- _WHAT TO WORK ON_: In the entries below, find each line bearing the string "topspace" and copy it.

- _DATASET RECORDS_:
(* Let $X$ be a Hausdorff complex topological vector space with $\dim X>1$, and let $\Gamma$ be an SOT-dense subset of $\mathcal{B}(X)$. Then there exists $\Gamma_1\subset\Gamma$ such that $\Gamma_1$ is SOT-dense in $\mathcal{B}(X)$ and $\Gamma_1$ is not strictly transitive.
   Context: $\mathcal{B}(X)$ denotes the space of continuous linear operators on $X$. A set $\Gamma\subset\mathcal{B}(X)$ is strictly transitive if for each pair of nonzero $x,y\in X$ there exist $\alpha\in\mathbb{C}$ and $T\in\Gamma$ with $\alpha Tx=y$. The strong operator topology (SOT) on $\mathcal{B}(X)$ is the topology in which $T$ has a neighborhood basis of sets $\{S\in\mathcal{B}(X): Se_i-Te_i\in U,\ i=1,\dots,k\}$, where $k\in\mathbb{N}$, $e_1,\dots,e_k\in X$ are linearly independent, and $U$ is a neighborhood of $0$ in $X$. *)

theory Defs
  imports "HOL-Analysis.Analysis"
begin

definition complex_tvs :: "(complex \<Rightarrow> 'v::ab_group_add \<Rightarrow> 'v) \<Rightarrow> 'v topology \<Rightarrow> bool" where
  "complex_tvs smul T \<longleftrightarrow>
     vector_space smul \<and> topspace T = UNIV \<and>
     continuous_map (prod_topology T T) T (\<lambda>(x, y). x + y) \<and>
     continuous_map (prod_topology (euclidean :: complex topology) T) T (\<lambda>(c, x). smul c x)"

text \<open>dim X > 1: there are two distinct linearly independent vectors
(works also for infinite dimension).\<close>
definition dim_gt_one :: "(complex \<Rightarrow> 'v::ab_group_add \<Rightarrow> 'v) \<Rightarrow> bool" where
  "dim_gt_one smul \<longleftrightarrow> (\<exists>x y. x \<noteq> y \<and> \<not> module.dependent smul {x, y})"

definition bounded_ops :: "(complex \<Rightarrow> 'v::ab_group_add \<Rightarrow> 'v) \<Rightarrow> 'v topology \<Rightarrow> ('v \<Rightarrow> 'v) set" where
  "bounded_ops smul T = {A. Vector_Spaces.linear smul smul A \<and> continuous_map T T A}"

definition sot_nbhd :: "(complex \<Rightarrow> 'v::ab_group_add \<Rightarrow> 'v) \<Rightarrow> 'v topology \<Rightarrow> ('v \<Rightarrow> 'v) \<Rightarrow> 'v set \<Rightarrow> 'v set \<Rightarrow> ('v \<Rightarrow> 'v) set" where
  "sot_nbhd smul T A E U = {S \<in> bounded_ops smul T. \<forall>e\<in>E. S e - A e \<in> U}"

definition sot_dense :: "(complex \<Rightarrow> 'v::ab_group_add \<Rightarrow> 'v) \<Rightarrow> 'v topology \<Rightarrow> ('v \<Rightarrow> 'v) set \<Rightarrow> bool" where
  "sot_dense smul T \<Gamma> \<longleftrightarrow> \<Gamma> \<subseteq> bounded_ops smul T \<and>
     (\<forall>A\<in>bounded_ops smul T. \<forall>E U. finite E \<and> \<not> module.dependent smul E \<and>
        (\<exists>V. openin T V \<and> 0 \<in> V \<and> V \<subseteq> U) \<longrightarrow> sot_nbhd smul T A E U \<inter> \<Gamma> \<noteq> {})"

definition strictly_transitive :: "(complex \<Rightarrow> 'v::ab_group_add \<Rightarrow> 'v) \<Rightarrow> ('v \<Rightarrow> 'v) set \<Rightarrow> bool" where
  "strictly_transitive smul \<Gamma> \<longleftrightarrow>
     (\<forall>x y. x \<noteq> 0 \<and> y \<noteq> 0 \<longrightarrow> (\<exists>\<alpha> A. A \<in> \<Gamma> \<and> smul \<alpha> (A x) = y))"

end

theory Submission imports Defs begin

text \<open>Fix independent vectors \<open>x\<close>, \<open>y\<close> and keep only those operators of \<open>\<Gamma>\<close> that do not
  map \<open>x\<close> into the line \<open>span {y}\<close>; such a family can never send \<open>x\<close> to a multiple of \<open>y\<close>.
  It is still SOT-dense: a given operator \<open>A\<close> can be replaced by \<open>A + \<epsilon> id\<close> so that \<open>A x\<close>
  leaves the line, lines are closed in a Hausdorff TVS, and density of \<open>\<Gamma>\<close> yields an operator
  close to \<open>A\<close> both on the prescribed finite independent set and at \<open>x\<close>.\<close>

locale complex_tvs_space =
  fixes smul :: "complex \<Rightarrow> 'v::ab_group_add \<Rightarrow> 'v" and T :: "'v topology"
  assumes complex_tvs: "complex_tvs smul T"
begin

sublocale vector_space smul
  using complex_tvs unfolding complex_tvs_def by blast

lemma topspace_eq [simp]: "topspace T = UNIV"
  using complex_tvs unfolding complex_tvs_def by blast

lemma continuous_map_add_pair: "continuous_map (prod_topology T T) T (\<lambda>(x, y). x + y)"
  using complex_tvs unfolding complex_tvs_def by blast

lemma continuous_map_scale_pair:
  "continuous_map (prod_topology (euclidean :: complex topology) T) T (\<lambda>(c, x). smul c x)"
  using complex_tvs unfolding complex_tvs_def by blast
(* Let $t_1,\dots,t_d$ be positive integers with $t_i\le n_i$ for all $i$ and $t_1=t_2t_3\cdots t_d$. Then $G$ acts transitively on the set $\Lambda_{t_1\dots t_d}=\mathrm{mrank}^{-1}(t_1,\dots,t_d)$ of tensors in $V$ of multilinear rank $(t_1,\dots,t_d)$; in particular $\Lambda_{t_1\dots t_d}=G\cdot T$ with $$T=\sum_{\beta_2=1}^{t_2}\cdots\sum_{\beta_d=1}^{t_d} e_1^{\iota(\beta_2,\dots,\beta_d)}\otimes e_2^{\beta_2}\otimes\cdots\otimes e_d^{\beta_d}.$$
   Context: Fix integers $d\ge 3$ and $n_1,\dots,n_d\ge 2$. $V=\mathbb{R}^{n_1}\otimes\cdots\otimes\mathbb{R}^{n_d}$, and $G=\mathrm{GL}(n_1)\times\cdots\times\mathrm{GL}(n_d)$ acts on $V$ by $(g_1,\dots,g_d)\cdot(v_1\otimes\cdots\otimes v_d)=(g_1v_1)\otimes\cdots\otimes(g_dv_d)$, extended linearly. $e_i^1,\dots,e_i^{n_i}$ is the standard basis of $\mathbb{R}^{n_i}$. The multilinear rank of $T\in V$ is $(t_1,\dots,t_d)$ where $t_i$ is the rank of $T$ viewed as a linear map $\mathbb{R}^{n_i}\to\bigotimes_{j\ne i}\mathbb{R}^{n_j}$. $\iota:[t_2]\times\cdots\times[t_d]\to[t_1]$ is the lexicographic bijection with $\beta_2$ most significant (the ordering for which the Kronecker product satisfies $(A_2\otimes\cdots\otimes A_d)_{\iota(\beta),\iota(\gamma)}=\prod_{i}(A_i)_{\beta_i\gamma_i}$). *)

theory Defs
  imports Complex_Main "HOL-Library.Function_Algebras"
begin

text \<open>The d tensor factors are indexed by i in {0..<d} (factor i here is
factor i+1 of the paper). Basis indices are 0-based: e_i^a with a < n i.\<close>

type_synonym tensor = "(nat \<Rightarrow> nat) \<Rightarrow> real"

definition idx :: "nat \<Rightarrow> (nat \<Rightarrow> nat) \<Rightarrow> (nat \<Rightarrow> nat) set" where
  "idx d n = {k. (\<forall>i<d. k i < n i) \<and> (\<forall>i\<ge>d. k i = 0)}"

definition tensors :: "nat \<Rightarrow> (nat \<Rightarrow> nat) \<Rightarrow> tensor set" where
  "tensors d n = {T. \<forall>k. k \<notin> idx d n \<longrightarrow> T k = 0}"

text \<open>Invertible m x m real matrices, given as functions nat => nat => real (entries
outside the range are irrelevant).\<close>
definition invertible_mat :: "nat \<Rightarrow> (nat \<Rightarrow> nat \<Rightarrow> real) \<Rightarrow> bool" where
  "invertible_mat m A \<longleftrightarrow> (\<exists>B. (\<forall>a<m. \<forall>b<m. (\<Sum>c<m. A a c * B c b) = (if a = b then 1 else 0))
                              \<and> (\<forall>a<m. \<forall>b<m. (\<Sum>c<m. B a c * A c b) = (if a = b then 1 else 0)))"

definition GL_prod :: "nat \<Rightarrow> (nat \<Rightarrow> nat) \<Rightarrow> (nat \<Rightarrow> nat \<Rightarrow> nat \<Rightarrow> real) set" where
  "GL_prod d n = {g. \<forall>i<d. invertible_mat (n i) (g i)}"

definition act :: "nat \<Rightarrow> (nat \<Rightarrow> nat) \<Rightarrow> (nat \<Rightarrow> nat \<Rightarrow> nat \<Rightarrow> real) \<Rightarrow> tensor \<Rightarrow> tensor" where
  "act d n g T = (\<lambda>k. if k \<in> idx d n
      then (\<Sum>l\<in>idx d n. (\<Prod>i<d. g i (k i) (l i)) * T l) else 0)"
lemma finite_positive_zeros_S:
  assumes "0 < \<alpha>" "\<alpha> < 1/2" "0 < XB" "XB \<le> XA"
  shows "finite {\<sigma>. 0 < \<sigma> \<and> S \<alpha> XA XB \<sigma> = 0}"
proof -
  let ?P = "S_mid_poly \<alpha> (XA / XB)"
  have "coeff ?P 3 \<noteq> 0"
    using assms by (simp add: S_mid_poly_def numeral_3_eq_3)
  then have "finite {\<sigma>. poly ?P \<sigma> = 0}"
    by (intro poly_roots_finite) auto
  moreover have "{\<sigma>. 0 < \<sigma> \<and> S \<alpha> XA XB \<sigma> = 0} \<subseteq> insert (XA / XB * cc \<alpha>) {\<sigma>. poly ?P \<sigma> = 0}"
  proof
    fix \<sigma> assume "\<sigma> \<in> {\<sigma>. 0 < \<sigma> \<and> S \<alpha> XA XB \<sigma> = 0}"
    then have \<sigma>: "0 < \<sigma>" "S \<alpha> XA XB \<sigma> = 0"
      by simp_all
    then have low: "\<alpha> / (1 - \<alpha>) \<le> \<sigma>"
      using S_low_nonzero[OF assms] by force
    show "\<sigma> \<in> insert (XA / XB * cc \<alpha>) {\<sigma>. poly ?P \<sigma> = 0}"
    proof (cases "\<sigma> < (1 - \<alpha>) / \<alpha>")
      case True
      then show ?thesis
        using S_mid_zero_iff[of \<alpha> \<sigma> XA XB] low \<sigma> assms(1,2) by (simp add: poly_S_mid_poly)
    next
      case False
      then show ?thesis
        using S_high_zero_iff[OF assms(1,2), of \<sigma> XA XB] \<sigma> by simp
    qed
  qed
  ultimately show ?thesis
    by (meson finite_insert finite_subset)
qed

- _RESPONSE TO THIS EXERCISE_:
     vector_space smul \<and> topspace T = UNIV \<and>
lemma topspace_eq [simp]: "topspace T = UNIV"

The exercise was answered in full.